## Homework 3: Eigenvector Decomposition

The Homework aims to use the Communities and Crime dataset to compute its eigenvalues and eigenvectors and analyze the principal components. Python 3.7.1 was used for this purpose.

The communities.data taken from [1], and the file communities.names found in [2] containing the data set documentation was used to understand the dataset's contents and to identify the column labels.

The pandas [3] and scikit learn[4] documentation was used as a guide to solve the problems presented in Homework 3. Previously courses taken at DataCamp [5] were also helpful in solving the homework.

## Libraries and modules used

- Pandas was imported to handle the Dataframes and to make the statistics calculations (mean, standard deviation, variance, skewness and mode).
- urllib to open arbitrary files from an URL
- re for regular expression operations

In [1]:
##--Importing necessary libraries
import pandas as pd 
import numpy as np

## Header Creation¶
The dataset was inspected and it was noticed that the dataset contained 128 variables but it didn't contain a header or column names. Creating the header manually seemed troublesome, therefore it was created by following these steps: 
1.	Load the dataset documentation file [5]
2.	Transform everything into a string [6]
3.	Find a pattern using a regular expression [7]

In [2]:
import urllib.request 
import re

target_url='http://archive.ics.uci.edu/ml/machine-learning-databases/communities/communities.names'

regex = re.compile('-- \w+:')

header_list = []

for line in urllib.request.urlopen(target_url):
    line = str(line, 'utf-8')
    four_letter_words = regex.findall(line)
    for word in four_letter_words:
        header_list.append(word)
header_list = header_list[2:]
header_list

['-- state:',
 '-- county:',
 '-- community:',
 '-- communityname:',
 '-- fold:',
 '-- population:',
 '-- householdsize:',
 '-- racepctblack:',
 '-- racePctWhite:',
 '-- racePctAsian:',
 '-- racePctHisp:',
 '-- agePct12t21:',
 '-- agePct12t29:',
 '-- agePct16t24:',
 '-- agePct65up:',
 '-- numbUrban:',
 '-- pctUrban:',
 '-- medIncome:',
 '-- pctWWage:',
 '-- pctWFarmSelf:',
 '-- pctWInvInc:',
 '-- pctWSocSec:',
 '-- pctWPubAsst:',
 '-- pctWRetire:',
 '-- medFamInc:',
 '-- perCapInc:',
 '-- whitePerCap:',
 '-- blackPerCap:',
 '-- indianPerCap:',
 '-- AsianPerCap:',
 '-- OtherPerCap:',
 '-- HispPerCap:',
 '-- NumUnderPov:',
 '-- PctPopUnderPov:',
 '-- PctLess9thGrade:',
 '-- PctNotHSGrad:',
 '-- PctBSorMore:',
 '-- PctUnemployed:',
 '-- PctEmploy:',
 '-- PctEmplManu:',
 '-- PctEmplProfServ:',
 '-- PctOccupManu:',
 '-- PctOccupMgmtProf:',
 '-- MalePctDivorce:',
 '-- MalePctNevMarr:',
 '-- FemalePctDiv:',
 '-- TotalPctDiv:',
 '-- PersPerFam:',
 '-- PctFam2Par:',
 '-- PctKids2Par:',
 '-- Pct

## Loading the File
The dataset was inspected and it was noticed that it is stored as a csv file.
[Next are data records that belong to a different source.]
(* Let $\mathcal I=(i_-,i_+)\subseteq\mathbb R$ and let $P,Q$ be smooth functions on $\mathcal I$ with $P\ge 0$. Assume $Q$ is strictly increasing on $\mathcal I$ with $Q'(x)>0$ for all $x\in\mathcal I$, and $$\lim_{x\to i_-}Q(x)<0,\qquad \lim_{x\to i_+}Q(x)>0 .$$ Let $f_\infty$ be a probability density on $\mathcal I$ satisfying $$\frac{d}{dx}\big(P(x)f_\infty(x)\big)+Q(x)f_\infty(x)=0,\qquad x\in\mathcal I,$$ and let $X$ be a random variable with density $f_\infty$. Define $w(x)=P(x)/Q'(x)$ for $x\in\mathcal I$. Then for every smooth function $\phi$ on $\mathcal I$ such that $\phi(X)$ has finite variance, $$\int_{\mathcal I}\phi^2 f_\infty\,dx-\Big(\int_{\mathcal I}\phi f_\infty\,dx\Big)^2\le \int_{\mathcal I} w(x)\,(\phi'(x))^2 f_\infty(x)\,dx,$$ i.e. $\mathrm{Var}[\phi(X)]\le E\{w(X)[\phi'(X)]^2\}$ (meaning: whenever the right-hand side is finite, the inequality holds).
   Context: $\mathrm{Var}[\phi(X)]=E[\phi(X)^2]-(E[\phi(X)])^2$. The differential relation for $f_\infty$ expresses that $f_\infty$ is a stationary solution of the Fokker–Planck equation $\partial_t f=\partial_x^2(Pf)+\partial_x(Qf)$ on $\mathcal I$. *)

theory Defs
  imports "HOL-Analysis.Analysis"
begin

definition ointerval :: "ereal \<Rightarrow> ereal \<Rightarrow> real set" where
  "ointerval a b = {x. a < ereal x \<and> ereal x < b}"

definition left_end :: "ereal \<Rightarrow> real filter" where
  "left_end a = (if a = -\<infinity> then at_bot else at_right (real_of_ereal a))"

definition right_end :: "ereal \<Rightarrow> real filter" where
  "right_end b = (if b = \<infinity> then at_top else at_left (real_of_ereal b))"

definition smooth_on :: "real set \<Rightarrow> (real \<Rightarrow> real) \<Rightarrow> bool" where
  "smooth_on S f \<longleftrightarrow> (\<forall>n. \<forall>x\<in>S. ((deriv ^^ n) f) differentiable (at x))"

end

theory Submission
  imports Defs
begin

text \<open>
  Let \<open>z\<close> be the zero of \<open>Q\<close> and \<open>\<psi> = \<phi> - \<phi> z\<close>. Completing the square and using the
  stationarity relation \<open>(P f)' = - Q f\<close> gives the pointwise bound
  \<open>\<psi>\<^sup>2 f \<le> w \<phi>'\<^sup>2 f - K'\<close> with \<open>K = \<psi>\<^sup>2 P f / Q\<close>, which is continuous also at \<open>z\<close>.
  On a compact interval \<open>[l, u]\<close> around \<open>z\<close> the boundary term \<open>K u - K l\<close> is nonnegative
  because \<open>Q\<close> changes sign at \<open>z\<close>; monotone convergence extends the bound
  \<open>E (\<phi> X - \<phi> z)\<^sup>2 \<le> E (w X \<phi>' X\<^sup>2)\<close> to the whole interval, and the variance is at most
  the second moment about any constant.
\<close>

lemma weighted_square_completion:
  fixes s d q v w :: real
  assumes "0 \<le> s" "0 < d"
  shows "2 * v * w * s / q - v\<^sup>2 * s * d / q\<^sup>2 \<le> s / d * w\<^sup>2"
proof (cases "q = 0")
  case True
  then show ?thesis using assms by simp
next
  case False
  have "0 \<le> s / d * (w - v * d / q)\<^sup>2" using assms by simp
  also have "\<dots> = s / d * w\<^sup>2 - (2 * v * w * s / q - v\<^sup>2 * s * d / q\<^sup>2)"
    using assms False by (simp add: field_simps power2_eq_square)
  finally show ?thesis by simp
qed

lemma set_integrable_nn_set_integral_eq:
  fixes u :: "'a \<Rightarrow> real"
  assumes "set_integrable M A u" "A \<in> sets M" "\<And>x. x \<in> A \<Longrightarrow> 0 \<le> u x"
  shows "(\<integral>\<^sup>+x\<in>A. ennreal (u x) \<partial>M) = ennreal (LINT x:A|M. u x)"
proof -
  have "AE x in M. 0 \<le> u x * indicator A x"
    using assms(3) by (auto simp: indicator_def)
  then show ?thesis
    unfolding set_lebesgue_integral_def nn_integral_set_ennreal using assms
    by (subst nn_integral_eq_integral) (simp_all add: mult_ac set_integrable_def)
qed

lemma set_integrable_mult_of_square:
  fixes g f :: "'a \<Rightarrow> real"
  assumes "set_borel_measurable M A g" "set_integrable M A f"
    and "set_integrable M A (\<lambda>x. (g x)\<^sup>2 * f x)" "\<And>x. x \<in> A \<Longrightarrow> 0 \<le> f x"
  shows "set_integrable M A (\<lambda>x. g x * f x)"
proof (rule set_integrable_bound)
  show "set_integrable M A (\<lambda>x. (g x)\<^sup>2 * f x + f x)"
    using assms(3,2) by (rule set_integral_add(1))
  have "(\<lambda>x. (indicator A x *\<^sub>R g x) * (indicator A x *\<^sub>R f x)) \<in> borel_measurable M"
    using assms(1,2) unfolding set_borel_measurable_def set_integrable_def by measurable
  moreover have "(\<lambda>x. (indicator A x *\<^sub>R g x) * (indicator A x *\<^sub>R f x))
      = (\<lambda>x. indicator A x *\<^sub>R (g x * f x))"
    by (auto simp: indicator_def fun_eq_iff)
  ultimately show "set_borel_measurable M A (\<lambda>x. g x * f x)"
    unfolding set_borel_measurable_def by simp
  show "AE x in M. x \<in> A \<longrightarrow> norm (g x * f x) \<le> norm ((g x)\<^sup>2 * f x + f x)"
  proof (intro AE_I2 impI)
    fix x assume "x \<in> A"
    then have f0: "0 \<le> f x" by (rule assms(4))
    have "0 \<le> (\<bar>g x\<bar> - 1)\<^sup>2" by simp
    then have "\<bar>g x\<bar> \<le> (g x)\<^sup>2 + 1"
      using abs_ge_zero[of "g x"] by (simp add: power2_diff power2_abs)
    then have "norm (g x * f x) \<le> ((g x)\<^sup>2 + 1) * f x"
      using f0 by (simp add: abs_mult mult_right_mono)
    also have "\<dots> = norm ((g x)\<^sup>2 * f x + f x)"
      using f0 by (simp add: algebra_simps)
    finally show "norm (g x * f x) \<le> norm ((g x)\<^sup>2 * f x + f x)" .
  qed
qed

lemma set_integral_variance_le_moment:
  fixes g f :: "'a \<Rightarrow> real" and c :: real
  assumes "set_integrable M A f" "(LINT x:A|M. f x) = 1"
    and "set_integrable M A (\<lambda>x. (g x)\<^sup>2 * f x)" "set_integrable M A (\<lambda>x. g x * f x)"
  shows "set_integrable M A (\<lambda>x. (g x - c)\<^sup>2 * f x)"
    and "(LINT x:A|M. (g x)\<^sup>2 * f x) - (LINT x:A|M. g x * f x)\<^sup>2
           \<le> (LINT x:A|M. (g x - c)\<^sup>2 * f x)"
proof -
  have expand: "(\<lambda>x. (g x - c)\<^sup>2 * f x) = (\<lambda>x. ((g x)\<^sup>2 * f x - (2 * c) * (g x * f x)) + c\<^sup>2 * f x)"
    by (auto simp: fun_eq_iff power2_eq_square algebra_simps)
  show "set_integrable M A (\<lambda>x. (g x - c)\<^sup>2 * f x)"
    unfolding expand using assms by (intro set_integral_add set_integral_diff set_integrable_mult_right)
  have "(LINT x:A|M. (g x - c)\<^sup>2 * f x)
      = (LINT x:A|M. (g x)\<^sup>2 * f x) - 2 * c * (LINT x:A|M. g x * f x) + c\<^sup>2"
    unfolding expand using assms
    by (simp add: set_integral_add set_integral_diff set_integrable_mult_right)
  moreover have "0 \<le> ((LINT x:A|M. g x * f x) - c)\<^sup>2" by simp
  ultimately show "(LINT x:A|M. (g x)\<^sup>2 * f x) - (LINT x:A|M. g x * f x)\<^sup>2
           \<le> (LINT x:A|M. (g x - c)\<^sup>2 * f x)"
    by (simp add: power2_eq_square algebra_simps)
qed

lemma set_integrable_continuous_mult_Icc:
  fixes h f :: "real \<Rightarrow> real"
  assumes "continuous_on {a..b} h" "set_integrable lborel {a..b} f"
  shows "set_integrable lborel {a..b} (\<lambda>x. h x * f x)"
proof -
  obtain C where C: "\<And>x. x \<in> {a..b} \<Longrightarrow> \<bar>h x\<bar> \<le> C"
    using compact_imp_bounded[OF compact_continuous_image[OF assms(1) compact_Icc]]
    unfolding bounded_iff by fastforce
  have "(\<lambda>x. (indicator {a..b} x *\<^sub>R h x) * (indicator {a..b} x *\<^sub>R f x)) \<in> borel_measurable borel"
    using borel_measurable_continuous_on_indicator[OF _ assms(1)] assms(2)
    unfolding set_integrable_def by (simp add: borel_measurable_integrable)
  moreover have "(\<lambda>x. (indicator {a..b} x *\<^sub>R h x) * (indicator {a..b} x *\<^sub>R f x))
      = (\<lambda>x. indicator {a..b} x *\<^sub>R (h x * f x))"
    by (auto simp: indicator_def fun_eq_iff)
  ultimately have meas: "set_borel_measurable lborel {a..b} (\<lambda>x. h x * f x)"
    unfolding set_borel_measurable_def by simp
  have bound: "AE x in lborel. x \<in> {a..b} \<longrightarrow> norm (h x * f x) \<le> norm (C * \<bar>f x\<bar>)"
    using mult_right_mono[OF order_trans[OF C abs_ge_self] abs_ge_zero]
    by (intro AE_I2) (simp add: abs_mult)
  have "set_integrable lborel {a..b} (\<lambda>x. C * \<bar>f x\<bar>)"
    using assms(2) by (simp add: set_integrable_abs)
  from set_integrable_bound[OF this meas bound] show ?thesis .
qed

text \<open>At the common zero the quotient is \<open>0/0 = 0\<close>, which is also its limit.\<close>
lemma isCont_square_mult_div_at_common_zero:
  fixes \<psi> Q A :: "real \<Rightarrow> real"
  assumes "(\<psi> has_real_derivative \<psi>') (at z)" "\<psi> z = 0"
    and "(Q has_real_derivative Q') (at z)" "Q' \<noteq> 0" "Q z = 0"
    and "isCont A z"
  shows "isCont (\<lambda>x. (\<psi> x)\<^sup>2 * A x / Q x) z"
proof -
  have quotients: "((\<lambda>y. (\<psi> y / (y - z)) / (Q y / (y - z))) \<longlongrightarrow> \<psi>' / Q') (at z)"
    using assms(1-5) by (intro tendsto_divide) (simp_all add: has_field_derivative_iff)
  have "eventually (\<lambda>y. (\<psi> y / (y - z)) / (Q y / (y - z)) = \<psi> y / Q y) (at z)"
    unfolding eventually_at_filter by (auto intro!: always_eventually)
  from tendsto_cong[OF this] quotients have "((\<lambda>y. \<psi> y / Q y) \<longlongrightarrow> \<psi>' / Q') (at z)"
    by simp
  moreover have "(\<psi> \<longlongrightarrow> 0) (at z)" "(A \<longlongrightarrow> A z) (at z)"
    using DERIV_isCont[OF assms(1)] assms(2,6) by (simp_all add: isCont_def)
  ultimately have "((\<lambda>y. \<psi> y * A y * (\<psi> y / Q y)) \<longlongrightarrow> 0 * A z * (\<psi>' / Q')) (at z)"
    by (intro tendsto_mult)
  moreover have "(\<lambda>y. \<psi> y * A y * (\<psi> y / Q y)) = (\<lambda>x. (\<psi> x)\<^sup>2 * A x / Q x)"
    by (simp add: fun_eq_iff power2_eq_square)
  ultimately show ?thesis
    using assms(2) by (simp add: isCont_def)
qed

lemma has_integral_square_quotient_derivative_Icc:
  fixes \<psi> A Q \<psi>' A' Q' :: "real \<Rightarrow> real"
  assumes "a \<le> z" "z \<le> b"
    and \<psi>: "\<And>x. x \<in> {a..b} \<Longrightarrow> (\<psi> has_real_derivative \<psi>' x) (at x)" and "\<psi> z = 0"
    and A: "\<And>x. x \<in> {a..b} \<Longrightarrow> (A has_real_derivative A' x) (at x)"
    and Q: "\<And>x. x \<in> {a..b} \<Longrightarrow> (Q has_real_derivative Q' x) (at x)"
    and "Q z = 0" "Q' z \<noteq> 0" and Q_nonzero: "\<And>x. x \<in> {a..b} \<Longrightarrow> x \<noteq> z \<Longrightarrow> Q x \<noteq> 0"
  shows "((\<lambda>x. 2 * \<psi> x * \<psi>' x * A x / Q x + (\<psi> x)\<^sup>2 * A' x / Q x - (\<psi> x)\<^sup>2 * A x * Q' x / (Q x)\<^sup>2)
           has_integral ((\<psi> b)\<^sup>2 * A b / Q b - (\<psi> a)\<^sup>2 * A a / Q a)) {a..b}"
proof -
  define K where "K x = (\<psi> x)\<^sup>2 * A x / Q x" for x
  define K' where "K' x = 2 * \<psi> x * \<psi>' x * A x / Q x + (\<psi> x)\<^sup>2 * A' x / Q x
      - (\<psi> x)\<^sup>2 * A x * Q' x / (Q x)\<^sup>2" for x
  have z: "z \<in> {a..b}" using assms(1,2) by simp
  have K_deriv: "(K has_real_derivative K' x) (at x)" if x: "x \<in> {a..b}" "x \<noteq> z" for x
  proof -
    have "((\<lambda>y. (\<psi> y)\<^sup>2 * A y) has_real_derivative 2 * \<psi> x * \<psi>' x * A x + (\<psi> x)\<^sup>2 * A' x) (at x)"
      using DERIV_mult[OF DERIV_power[OF \<psi>[OF x(1)], of 2] A[OF x(1)]] by (simp add: mult_ac)
    from DERIV_divide[OF this Q[OF x(1)] Q_nonzero[OF x]] show ?thesis
      unfolding K_def[abs_def] K'_def
      by (rule DERIV_cong) (use Q_nonzero[OF x] in \<open>simp add: field_simps power2_eq_square\<close>)
  qed
  have "isCont K x" if x: "x \<in> {a..b}" for x
  proof (cases "x = z")
    case True
    then show ?thesis
      unfolding K_def[abs_def]
      using isCont_square_mult_div_at_common_zero[OF \<psi>[OF z] \<open>\<psi> z = 0\<close> Q[OF z] \<open>Q' z \<noteq> 0\<close>
          \<open>Q z = 0\<close> DERIV_isCont[OF A[OF z]]] by simp
  next
    case False
    then show ?thesis using DERIV_isCont[OF K_deriv[OF x False]] by simp
  qed
  then have K_cont: "continuous_on {a..b} K" by (intro continuous_at_imp_continuous_on) auto
  have "(K' has_integral (K b - K a)) {a..b}"
  proof (rule fundamental_theorem_of_calculus_interior_strong[of "{z}"])
    fix x assume "x \<in> {a<..<b} - {z}"
    then show "(K has_vector_derivative K' x) (at x)"
      using K_deriv[of x] by (simp add: has_real_derivative_iff_has_vector_derivative)
  qed (use assms(1,2) K_cont in auto)
  then show ?thesis by (simp add: K_def K'_def[abs_def])
qed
It was taken directly from the dataset url and assigned its corresponding column names. The first 5 rows can be seen in the table below. 


In [3]:
#Read from URL
file='http://archive.ics.uci.edu/ml/machine-learning-databases/communities/communities.data'

#Read the  file
df = pd.read_csv(file, names = header_list, delimiter = ",")

print(df.info())
df.head()

<class 'pandas.core.frame.DataFrame'>
RangeIndex: 1994 entries, 0 to 1993
Columns: 128 entries, -- state: to -- ViolentCrimesPerPop:
dtypes: float64(100), int64(2), object(26)
memory usage: 1.9+ MB
None


Unnamed: 0,-- state:,-- county:,-- community:,-- communityname:,-- fold:,-- population:,-- householdsize:,-- racepctblack:,-- racePctWhite:,-- racePctAsian:,...,-- LandArea:,-- PopDens:,-- PctUsePubTrans:,-- PolicCars:,-- PolicOperBudg:,-- LemasPctPolicOnPatr:,-- LemasGangUnitDeploy:,-- LemasPctOfficDrugUn:,-- PolicBudgPerPop:,-- ViolentCrimesPerPop:
0,8,?,?,Lakewoodcity,1,0.19,0.33,0.02,0.9,0.12,...,0.12,0.26,0.2,0.06,0.04,0.9,0.5,0.32,0.14,0.2
1,53,?,?,Tukwilacity,1,0.0,0.16,0.12,0.74,0.45,...,0.02,0.12,0.45,?,?,?,?,0.0,?,0.67
2,24,?,?,Aberdeentown,1,0.0,0.42,0.49,0.56,0.17,...,0.01,0.21,0.02,?,?,?,?,0.0,?,0.43
3,34,5,81440,Willingborotownship,1,0.04,0.77,1.0,0.08,0.12,...,0.02,0.39,0.28,?,?,?,?,0.0,?,0.12
4,42,95,6096,Bethlehemtownship,1,0.01,0.55,0.02,0.95,0.09,...,0.04,0.09,0.02,?,?,?,?,0.0,?,0.03


The dataset contains socioeconomic variables from communities within the United States obtained from three different sources (1990 US Census, 1990 US LEMAS survey and 1995 FBI UCR crime data). The dataset contains 1994 instances and 128 attributes in which the goal attribute is the total number of violent crimes per 100,000 population.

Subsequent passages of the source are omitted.